> [Assigned task]:
As the answer, set down the lines below from the one containing "as) z \<longleftrightarrow>" through the one containing "by (induction as arbitrary: y) auto", exactly and inclusively, and no others.

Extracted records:
↓

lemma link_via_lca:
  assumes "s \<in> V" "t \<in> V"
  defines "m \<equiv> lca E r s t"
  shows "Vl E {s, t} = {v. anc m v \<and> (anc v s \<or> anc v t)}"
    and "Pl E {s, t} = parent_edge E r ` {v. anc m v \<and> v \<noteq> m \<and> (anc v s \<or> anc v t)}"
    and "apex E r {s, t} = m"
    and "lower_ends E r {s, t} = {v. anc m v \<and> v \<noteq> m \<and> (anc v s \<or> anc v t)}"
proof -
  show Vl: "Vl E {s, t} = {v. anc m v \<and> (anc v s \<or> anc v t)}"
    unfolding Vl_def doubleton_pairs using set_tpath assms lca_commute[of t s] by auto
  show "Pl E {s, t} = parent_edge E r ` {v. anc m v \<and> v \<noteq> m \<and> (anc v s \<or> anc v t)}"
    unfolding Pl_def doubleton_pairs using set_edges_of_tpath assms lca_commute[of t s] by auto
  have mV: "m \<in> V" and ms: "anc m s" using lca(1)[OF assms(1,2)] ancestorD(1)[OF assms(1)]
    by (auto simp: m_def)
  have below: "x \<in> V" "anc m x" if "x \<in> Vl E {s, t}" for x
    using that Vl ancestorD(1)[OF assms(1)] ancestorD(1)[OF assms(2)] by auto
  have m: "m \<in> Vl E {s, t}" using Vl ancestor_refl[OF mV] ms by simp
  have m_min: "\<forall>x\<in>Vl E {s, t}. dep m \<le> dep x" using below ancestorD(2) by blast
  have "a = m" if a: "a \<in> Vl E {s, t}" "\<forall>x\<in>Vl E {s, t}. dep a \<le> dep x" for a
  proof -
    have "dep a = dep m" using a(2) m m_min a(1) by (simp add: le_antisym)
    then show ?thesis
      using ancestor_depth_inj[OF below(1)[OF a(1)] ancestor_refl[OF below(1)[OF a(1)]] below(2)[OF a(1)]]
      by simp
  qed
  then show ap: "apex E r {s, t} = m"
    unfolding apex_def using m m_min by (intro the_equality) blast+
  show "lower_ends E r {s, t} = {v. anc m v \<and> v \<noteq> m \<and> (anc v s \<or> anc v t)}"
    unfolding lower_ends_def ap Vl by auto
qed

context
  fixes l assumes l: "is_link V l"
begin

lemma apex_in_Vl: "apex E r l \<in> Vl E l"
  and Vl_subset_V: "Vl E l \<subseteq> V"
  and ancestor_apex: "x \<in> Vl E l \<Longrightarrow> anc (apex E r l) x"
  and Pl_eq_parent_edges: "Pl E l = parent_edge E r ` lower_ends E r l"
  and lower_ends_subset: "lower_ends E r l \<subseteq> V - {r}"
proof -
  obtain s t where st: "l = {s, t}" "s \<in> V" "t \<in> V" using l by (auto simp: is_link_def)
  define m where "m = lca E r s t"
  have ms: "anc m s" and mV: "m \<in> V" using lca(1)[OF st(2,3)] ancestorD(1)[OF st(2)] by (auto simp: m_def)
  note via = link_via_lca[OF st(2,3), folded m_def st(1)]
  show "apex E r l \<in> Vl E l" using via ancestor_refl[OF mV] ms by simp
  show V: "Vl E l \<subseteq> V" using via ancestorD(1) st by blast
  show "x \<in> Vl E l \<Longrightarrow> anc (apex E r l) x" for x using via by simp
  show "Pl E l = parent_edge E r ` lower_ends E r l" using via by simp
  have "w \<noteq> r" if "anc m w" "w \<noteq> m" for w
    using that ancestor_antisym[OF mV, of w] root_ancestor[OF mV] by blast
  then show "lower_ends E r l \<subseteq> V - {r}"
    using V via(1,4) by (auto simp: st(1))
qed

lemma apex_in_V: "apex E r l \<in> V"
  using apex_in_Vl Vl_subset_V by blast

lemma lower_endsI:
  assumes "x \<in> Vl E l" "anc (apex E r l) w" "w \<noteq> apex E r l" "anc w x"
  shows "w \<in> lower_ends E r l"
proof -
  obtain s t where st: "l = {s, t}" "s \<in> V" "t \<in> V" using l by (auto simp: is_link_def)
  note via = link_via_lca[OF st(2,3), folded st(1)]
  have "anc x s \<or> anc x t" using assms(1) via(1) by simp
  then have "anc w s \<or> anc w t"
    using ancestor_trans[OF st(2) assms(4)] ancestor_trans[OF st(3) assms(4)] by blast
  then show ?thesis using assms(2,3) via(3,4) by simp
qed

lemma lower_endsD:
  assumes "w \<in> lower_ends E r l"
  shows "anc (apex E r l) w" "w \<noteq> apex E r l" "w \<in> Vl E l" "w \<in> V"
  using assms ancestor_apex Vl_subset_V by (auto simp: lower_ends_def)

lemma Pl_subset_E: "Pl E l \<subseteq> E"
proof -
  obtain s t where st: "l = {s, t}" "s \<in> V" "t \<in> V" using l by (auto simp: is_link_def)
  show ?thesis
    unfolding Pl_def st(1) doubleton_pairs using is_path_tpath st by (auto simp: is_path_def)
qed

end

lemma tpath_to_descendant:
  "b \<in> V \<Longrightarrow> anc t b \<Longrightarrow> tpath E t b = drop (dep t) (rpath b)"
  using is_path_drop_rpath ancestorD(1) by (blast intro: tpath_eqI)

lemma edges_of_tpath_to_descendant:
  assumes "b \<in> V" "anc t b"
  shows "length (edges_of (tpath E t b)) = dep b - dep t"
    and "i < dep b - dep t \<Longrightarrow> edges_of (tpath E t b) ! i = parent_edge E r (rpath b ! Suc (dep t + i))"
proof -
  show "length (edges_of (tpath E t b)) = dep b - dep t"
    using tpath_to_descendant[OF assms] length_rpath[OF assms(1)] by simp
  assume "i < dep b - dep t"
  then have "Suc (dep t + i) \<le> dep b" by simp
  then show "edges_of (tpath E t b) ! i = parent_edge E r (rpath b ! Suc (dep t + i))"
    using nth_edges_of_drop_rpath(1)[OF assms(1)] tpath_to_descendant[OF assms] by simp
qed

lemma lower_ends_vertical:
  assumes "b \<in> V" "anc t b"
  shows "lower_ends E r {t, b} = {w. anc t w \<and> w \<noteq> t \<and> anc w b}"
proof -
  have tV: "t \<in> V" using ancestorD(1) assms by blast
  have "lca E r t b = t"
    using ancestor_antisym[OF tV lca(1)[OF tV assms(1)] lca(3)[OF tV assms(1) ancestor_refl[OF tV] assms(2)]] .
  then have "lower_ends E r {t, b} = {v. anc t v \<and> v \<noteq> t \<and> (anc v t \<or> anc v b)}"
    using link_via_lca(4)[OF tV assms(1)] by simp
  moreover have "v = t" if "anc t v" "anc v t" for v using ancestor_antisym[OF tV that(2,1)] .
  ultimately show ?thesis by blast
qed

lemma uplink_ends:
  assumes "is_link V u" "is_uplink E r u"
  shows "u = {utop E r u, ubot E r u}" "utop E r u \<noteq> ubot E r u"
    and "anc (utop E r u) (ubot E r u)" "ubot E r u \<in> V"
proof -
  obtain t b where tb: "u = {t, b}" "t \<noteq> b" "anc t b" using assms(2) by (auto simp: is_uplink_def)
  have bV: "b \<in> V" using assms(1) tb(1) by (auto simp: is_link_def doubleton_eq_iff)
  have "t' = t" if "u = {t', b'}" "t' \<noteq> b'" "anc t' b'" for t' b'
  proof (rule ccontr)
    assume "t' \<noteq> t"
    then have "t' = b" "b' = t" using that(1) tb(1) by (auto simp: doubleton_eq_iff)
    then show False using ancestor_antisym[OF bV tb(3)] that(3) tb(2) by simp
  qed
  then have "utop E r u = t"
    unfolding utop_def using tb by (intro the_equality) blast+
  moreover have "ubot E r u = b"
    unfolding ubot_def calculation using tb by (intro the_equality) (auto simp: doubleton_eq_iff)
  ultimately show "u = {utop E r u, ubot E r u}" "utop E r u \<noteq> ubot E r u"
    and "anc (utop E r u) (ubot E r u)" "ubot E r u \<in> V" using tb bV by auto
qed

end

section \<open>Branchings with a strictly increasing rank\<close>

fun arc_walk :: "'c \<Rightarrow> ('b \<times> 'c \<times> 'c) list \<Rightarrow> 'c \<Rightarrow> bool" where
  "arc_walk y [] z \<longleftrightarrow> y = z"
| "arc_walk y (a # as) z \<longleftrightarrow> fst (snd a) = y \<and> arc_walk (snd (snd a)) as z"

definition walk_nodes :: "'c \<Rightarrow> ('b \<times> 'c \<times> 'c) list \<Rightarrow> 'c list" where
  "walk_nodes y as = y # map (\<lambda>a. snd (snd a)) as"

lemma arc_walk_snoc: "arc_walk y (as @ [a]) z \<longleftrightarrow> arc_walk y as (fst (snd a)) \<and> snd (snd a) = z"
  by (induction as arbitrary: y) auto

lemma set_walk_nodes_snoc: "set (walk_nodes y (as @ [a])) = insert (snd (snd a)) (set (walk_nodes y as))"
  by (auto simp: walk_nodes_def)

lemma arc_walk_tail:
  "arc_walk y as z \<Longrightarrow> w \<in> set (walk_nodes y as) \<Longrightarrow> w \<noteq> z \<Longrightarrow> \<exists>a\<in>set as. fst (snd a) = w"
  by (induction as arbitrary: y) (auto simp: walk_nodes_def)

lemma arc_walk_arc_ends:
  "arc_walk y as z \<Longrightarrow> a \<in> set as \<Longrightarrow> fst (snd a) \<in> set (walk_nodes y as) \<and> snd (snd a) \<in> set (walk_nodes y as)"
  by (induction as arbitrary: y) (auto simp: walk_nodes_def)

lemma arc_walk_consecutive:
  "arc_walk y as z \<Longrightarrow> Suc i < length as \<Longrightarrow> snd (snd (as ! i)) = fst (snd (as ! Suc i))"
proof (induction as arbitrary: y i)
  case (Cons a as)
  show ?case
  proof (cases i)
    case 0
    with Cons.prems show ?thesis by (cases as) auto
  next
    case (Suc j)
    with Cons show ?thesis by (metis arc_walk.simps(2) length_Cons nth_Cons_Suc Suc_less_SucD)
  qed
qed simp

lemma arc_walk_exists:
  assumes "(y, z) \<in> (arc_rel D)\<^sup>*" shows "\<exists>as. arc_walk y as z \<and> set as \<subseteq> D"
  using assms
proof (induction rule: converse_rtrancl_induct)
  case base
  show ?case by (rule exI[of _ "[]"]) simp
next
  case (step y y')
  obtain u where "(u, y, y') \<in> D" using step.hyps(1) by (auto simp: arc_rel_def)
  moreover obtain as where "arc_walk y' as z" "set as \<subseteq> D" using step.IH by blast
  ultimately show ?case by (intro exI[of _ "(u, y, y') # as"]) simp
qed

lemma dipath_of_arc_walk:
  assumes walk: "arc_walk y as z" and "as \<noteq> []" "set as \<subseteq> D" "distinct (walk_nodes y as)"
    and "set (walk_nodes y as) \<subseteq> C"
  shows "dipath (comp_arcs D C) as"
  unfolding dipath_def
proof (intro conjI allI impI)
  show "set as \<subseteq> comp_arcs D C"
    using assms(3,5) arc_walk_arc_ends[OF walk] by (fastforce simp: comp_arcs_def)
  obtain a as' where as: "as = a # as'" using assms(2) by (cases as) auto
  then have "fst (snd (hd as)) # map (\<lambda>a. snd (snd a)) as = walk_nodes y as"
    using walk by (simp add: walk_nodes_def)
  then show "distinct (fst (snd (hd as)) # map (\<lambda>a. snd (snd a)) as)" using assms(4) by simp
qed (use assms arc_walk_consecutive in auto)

↑

> [Exercise solution]:
| "arc_walk y (a # as) z \<longleftrightarrow> fst (snd a) = y \<and> arc_walk (snd (snd a)) as z"

definition walk_nodes :: "'c \<Rightarrow> ('b \<times> 'c \<times> 'c) list \<Rightarrow> 'c list" where
  "walk_nodes y as = y # map (\<lambda>a. snd (snd a)) as"

lemma arc_walk_snoc: "arc_walk y (as @ [a]) z \<longleftrightarrow> arc_walk y as (fst (snd a)) \<and> snd (snd a) = z"
  by (induction as arbitrary: y) auto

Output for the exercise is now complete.